The platforms that actually get used are the ones that started as someone's script to fix their own problem, then got borrowed, then got formalized. They're rough around the edges because they're solving something real. Internal Kubernetes dashboards, custom deployment CLIs, service catalogs—the ones with adoption usually have a story like "yeah this was me getting tired of SSHing into five boxes, then people asked for it, then we built it properly." You were basically forced to understand the pain before you could design for it.

The trap is the platform team with a clean mandate and a blank slate. No constraints. That's when you get the beautiful systems nobody uses. Better to be the person who inherits someone's 400-line bash script and thinks "okay what's this actually doing, what's breaking about it at 3am" rather than architecting from first principles.

Personal/domain experiencetoby3h ago

I'd push back slightly here, though the core insight is right. We had the inverse problem at my last place: we waited for the mess to get acute, then built platform stuff in response. Sounds smart. Except by the time three teams independently invented their own deployment stories, we now had to support all three while migrating everyone to the fourth. The pain forced action, but it also locked in technical debt that made the solution messier than it needed to be.

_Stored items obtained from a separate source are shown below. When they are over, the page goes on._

lemma found_from_exponents:
  fixes B \<Lambda> :: real
  assumes h: "2 \<le> h" and n: "1 \<le> n" and N: "0 < N" "real N \<le> B" "n ^ h < 2 ^ N"
    and J: "real J + 1 \<le> B" "\<Lambda> \<le> 2 ^ J"
  shows "F \<subseteq> dlists n k \<Longrightarrow> 0 < L \<Longrightarrow> L \<le> \<Lambda> \<Longrightarrow> threshold B k * L \<le> card F \<Longrightarrow> d + k \<le> h \<Longrightarrow>
    \<exists>js\<in>exponent_lists J k. L \<le> 2 ^ sum_list js \<and> finds h n d js F (((1 - 1 / exp 1) / h) ^ k)"
proof (induction k arbitrary: d F L)
  case 0
  have "F \<subseteq> {[]}" and "L \<le> card F"
    using "0.prems" by (auto simp: dlists_def)
  then have "F = {[]}"
    using "0.prems"(2) by (auto simp: subset_singleton_iff)
  then show ?case
    using \<open>L \<le> card F\<close> finds_Nil h by (simp add: exponent_lists_def)
next
  case (Suc k)
  let ?c = "(1 - 1 / exp 1) / h"
  have "card (dlists n k) \<le> n ^ k" by (rule card_dlists_le)
  also have "\<dots> \<le> n ^ h" using n Suc.prems(5) by (intro power_increasing) auto
  finally have small: "card (dlists n k) < 2 ^ N" using N(3) by linarith
  have IH: "\<And>G L'. G \<subseteq> dlists n k \<Longrightarrow> 0 < L' \<Longrightarrow> L' \<le> \<Lambda> \<Longrightarrow> threshold B k * L' \<le> card G \<Longrightarrow>
      \<exists>js\<in>exponent_lists J k. L' \<le> 2 ^ sum_list js \<and> finds h n (Suc d) js G (?c ^ k)"
    using Suc.IH Suc.prems(5) by simp
  have "\<exists>A j js. A \<subseteq> {..<n} \<and> card A = 2 ^ j \<and> j \<le> J \<and> js \<in> exponent_lists J k \<and>
      L \<le> 2 ^ (j + sum_list js) \<and> (\<forall>a\<in>A. finds h n (Suc d) js (branch F a) (?c ^ k))"
    by (rule branch_exponents[OF N(1,2) small J IH Suc.prems(1-4)])
  then obtain A j js where A: "A \<subseteq> {..<n}" "card A = 2 ^ j" and j: "j \<le> J"
    and js: "js \<in> exponent_lists J k" and L: "L \<le> 2 ^ (j + sum_list js)"
    and found: "\<forall>a\<in>A. finds h n (Suc d) js (branch F a) (?c ^ k)"
    by blast
  have "1 / exp 1 \<le> (1::real)"
    using exp_ge_add_one_self[of 1] by (simp add: divide_le_eq)
  then have "finds h n d (j # js) F (?c * ?c ^ k)"
    using Suc.prems(5) by (intro finds_Cons[OF h _ Suc.prems(1) A _ found]) simp_all
  then show ?case
  proof (intro bexI[of _ "j # js"] conjI)
    show "j # js \<in> exponent_lists J (Suc k)"
      using j js by (simp add: Cons_mem_exponent_lists)
  qed (use L in simp_all)
qed

section \<open>Vertices on many cycles are discovered\<close>

lemma power_less_two_power_log:
  fixes n h :: nat
  assumes n: "2 \<le> n" and h: "0 < h"
  shows "\<exists>N. 0 < N \<and> real N \<le> 2 * real h * log 2 n \<and> n ^ h < 2 ^ N"
proof -
  define lg where "lg = log 2 (real n)"
  define b where "b = nat \<lfloor>lg\<rfloor> + 1"
  have lg: "1 \<le> lg"
    using n by (simp add: lg_def le_log_iff)
  have "real b = real_of_int \<lfloor>lg\<rfloor> + 1"
    using lg by (simp add: b_def)
  then have b: "lg < real b" "real b \<le> lg + 1"
    using real_of_int_floor_add_one_gt[of lg] of_int_floor_le[of lg] by linarith+
  have "real n = 2 powr lg"
    using n by (simp add: lg_def)
  also have "\<dots> < 2 powr real b"
    using b by (intro powr_less_mono) auto
  finally have "real n < 2 ^ b"
    by (simp add: powr_realpow)
  then have "n < 2 ^ b"
    by (metis of_nat_less_iff of_nat_numeral of_nat_power)
  then have "n ^ h < 2 ^ (b * h)"
    using h by (simp add: power_mult power_strict_mono)
  moreover have "real (b * h) \<le> 2 * real h * lg"
    using b lg h by (simp add: mult_right_mono)
  ultimately show ?thesis
    using h by (intro exI[of _ "b * h"]) (simp add: lg_def b_def)
qed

What I think actually works is building the platform *with* the teams that are starting to feel the friction, not for some imagined future org. We had a painful incident around service discovery—nothing catastrophic, just a Tuesday where it took six hours to figure out which database instance a service was hitting. That was the moment. We pulled in the three teams most affected, built something narrow and concrete that solved that specific problem, and they used it immediately. Then the next friction point appeared (secrets rotation, container registry sprawl) and we iterated. By the time we were forty people, we had a platform that felt inevitable because it'd been built in lockstep with actual growth.

The mistake isn't timing exactly. It's building something general-purpose when you should build something specific, then generalizing later after you understand the shape of the problem. Backstage is great if you already know you need a service catalog. But most orgs don't know that yet. They know their current thing is broken.